A look at the evolution of machine translation systems

Cortés Etxabe, Itziar

Elhuyarreko itzulpengintza-teknologien arduraduna

begirada-bat-itzulpen-automatikoko-sistemen-bilaka 400

Machine translation is a known technology. When we surf the Internet we often use it to understand texts written in foreign languages, or why not, or to help translate.

The services we find on the Internet are very varied, mostly free, and although they seem to be the same, they can be tools based on different technologies or have been adapted over time, and this change has been transparent for users. To implement a machine translation system, there are, therefore, several options: rules-based systems (RBMT) require linguistic resources or knowledge; those based on statistics (SMT) need collections of texts already translated, and with some ability to learn to translate using statistical techniques; and finally, NMT systems or neural network-based systems, which have been well known in recent times.

Neural network-based systems mimic the functioning of the human brain and arise from large collections of information, but are more complex than statistically based systems. This technology is based on a mathematical model (within deep learning) that tries to imitate the functioning of brain neurons and that, despite having spent several years since its knowledge, is gaining strength.

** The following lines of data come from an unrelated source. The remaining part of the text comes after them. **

text \<open>Moving s and t slightly to the right onto the grid leaves the path unchanged and
  perturbs the linear drift arbitrarily little.\<close>

lemma increment_bound_from_grid:
  fixes phi :: "real \<Rightarrow> real"
  assumes rlc: "right_locally_const phi"
    and grid: "\<forall>s\<in>insert T \<rat> \<inter> {0..T}. \<forall>t\<in>insert T \<rat> \<inter> {0..T}. s \<le> t \<longrightarrow>
              \<bar>(phi t - phi s) - (l * t - l * s) * p\<bar> \<le> e"
    and st: "0 \<le> s" "s \<le> t" "t \<le> T"
  shows "\<bar>(phi t - phi s) - (l * t - l * s) * p\<bar> \<le> e"
proof (rule ccontr)
  define D where "D = insert T \<rat> \<inter> {0..T}"
  define F where "F x y = (phi y - phi x) - (l * y - l * x) * p" for x y
  assume "\<not> ?thesis"
  then have gap: "\<bar>F s t\<bar> > e" unfolding F_def by simp
  define \<eta> where "\<eta> = (\<bar>F s t\<bar> - e) / (2 * (\<bar>l * p\<bar> + 1))"
  have \<eta>: "\<eta> > 0" "\<bar>l * p\<bar> * (2 * \<eta>) < \<bar>F s t\<bar> - e"
    using gap unfolding \<eta>_def by (auto simp: field_simps)
  have snap: "\<exists>r\<in>D. z \<le> r \<and> r \<le> z + \<eta> \<and> r \<le> w \<and> phi r = phi z"
    if z: "0 \<le> z" "z \<le> w" "w \<in> D" for z w
  proof (cases "z = w")
    case True then show ?thesis using z \<eta> by auto
  next
    case False
    obtain d where d: "d > 0" "\<forall>y. z \<le> y \<longrightarrow> y < z + d \<longrightarrow> phi y = phi z"
      using rlc unfolding right_locally_const_def by blast
    have "z < min (min (z + d) (z + \<eta>)) w" using False z d \<eta> by simp
    then obtain r where r: "r \<in> \<rat>" "z < r" "r < min (min (z + d) (z + \<eta>)) w"
      using Rats_dense_in_real by blast
    moreover have "phi r = phi z"
      using d(2) r by (meson less_imp_le min_less_iff_conj)
    ultimately show ?thesis using z by (intro bexI[of _ r]) (auto simp: D_def)
  qed
  have "T \<in> D" using st unfolding D_def by simp
  then obtain t' where t': "t' \<in> D" "t \<le> t'" "t' \<le> t + \<eta>" "phi t' = phi t"
    using snap[of t T] st by auto
  obtain s' where s': "s' \<in> D" "s \<le> s'" "s' \<le> s + \<eta>" "s' \<le> t'" "phi s' = phi s"
    using snap[of s t'] st t' by auto
  have grid_st: "\<bar>F s' t'\<bar> \<le> e" using grid s' t' unfolding F_def D_def by blast
  have "F s' t' - F s t = (l * p) * ((s' - s) - (t' - t))"
    unfolding F_def using s'(5) t'(4) by (simp add: algebra_simps)
  then have "\<bar>F s' t' - F s t\<bar> = \<bar>l * p\<bar> * \<bar>(s' - s) - (t' - t)\<bar>"
    by (simp add: abs_mult)
  also have "\<dots> \<le> \<bar>l * p\<bar> * (2 * \<eta>)"
    using s'(2,3) t'(2,3) by (intro mult_left_mono) auto
  finally have "\<bar>F s' t' - F s t\<bar> \<le> \<bar>l * p\<bar> * (2 * \<eta>)" .
  then show False using grid_st \<eta> by linarith
qed

lemma sets_Collect_increment_bound:
  fixes phi :: "'a \<Rightarrow> real \<Rightarrow> real"
  assumes rlc: "\<And>w. w \<in> space M \<Longrightarrow> right_locally_const (phi w)"
    and [measurable]: "\<And>x. (\<lambda>w. phi w x) \<in> borel_measurable M"
  shows "{w\<in>space M. \<forall>s t. 0 \<le> s \<longrightarrow> s \<le> t \<longrightarrow> t \<le> T \<longrightarrow>
           \<bar>(phi w t - phi w s) - (l * t - l * s) * p\<bar> \<le> e} \<in> sets M"
proof -
  define D where "D = insert T \<rat> \<inter> {0..T}"
  have D: "countable D" unfolding D_def by (rule countable_Int1) (simp add: countable_rat)
  have "(\<forall>s t. 0 \<le> s \<longrightarrow> s \<le> t \<longrightarrow> t \<le> T \<longrightarrow> \<bar>(phi w t - phi w s) - (l * t - l * s) * p\<bar> \<le> e) \<longleftrightarrow>
        (\<forall>s\<in>D. \<forall>t\<in>D. s \<le> t \<longrightarrow> \<bar>(phi w t - phi w s) - (l * t - l * s) * p\<bar> \<le> e)"
    if w: "w \<in> space M" for w
  proof
    assume "\<forall>s t. 0 \<le> s \<longrightarrow> s \<le> t \<longrightarrow> t \<le> T \<longrightarrow> \<bar>(phi w t - phi w s) - (l * t - l * s) * p\<bar> \<le> e"
    then show "\<forall>s\<in>D. \<forall>t\<in>D. s \<le> t \<longrightarrow> \<bar>(phi w t - phi w s) - (l * t - l * s) * p\<bar> \<le> e"
      unfolding D_def by simp
  next
    assume "\<forall>s\<in>D. \<forall>t\<in>D. s \<le> t \<longrightarrow> \<bar>(phi w t - phi w s) - (l * t - l * s) * p\<bar> \<le> e"
    then show "\<forall>s t. 0 \<le> s \<longrightarrow> s \<le> t \<longrightarrow> t \<le> T \<longrightarrow> \<bar>(phi w t - phi w s) - (l * t - l * s) * p\<bar> \<le> e"
      unfolding D_def using increment_bound_from_grid[OF rlc[OF w]] by blast
  qed
  then have "{w\<in>space M. \<forall>s t. 0 \<le> s \<longrightarrow> s \<le> t \<longrightarrow> t \<le> T \<longrightarrow>
           \<bar>(phi w t - phi w s) - (l * t - l * s) * p\<bar> \<le> e} =
        {w\<in>space M. \<forall>s\<in>D. \<forall>t\<in>D. s \<le> t \<longrightarrow> \<bar>(phi w t - phi w s) - (l * t - l * s) * p\<bar> \<le> e}"
    by (intro Collect_cong) blast
  also have "\<dots> \<in> sets M"
    by (intro sets.sets_Collect_countable_All' D) measurable
  finally show ?thesis .
qed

In fact, the implementation of this type of systems requires, in addition to large data collections, high-capacity computing devices, and with the computers and graphics cards we currently have managed to create this type of systems efficiently.

Machine translation systems have evolved over time and Google is an example of this: without users noticing, they have been adapting to new models and some of the translators we use are already based on neural networks. But let's not think that this technology is only in the hands of Internet giants, we are researching in this field and we work with Basque. At the moment we are conducting research experiments, but the first results obtained are encouraging. The aim is to launch shortly a system based on neural networks that translate into Basque.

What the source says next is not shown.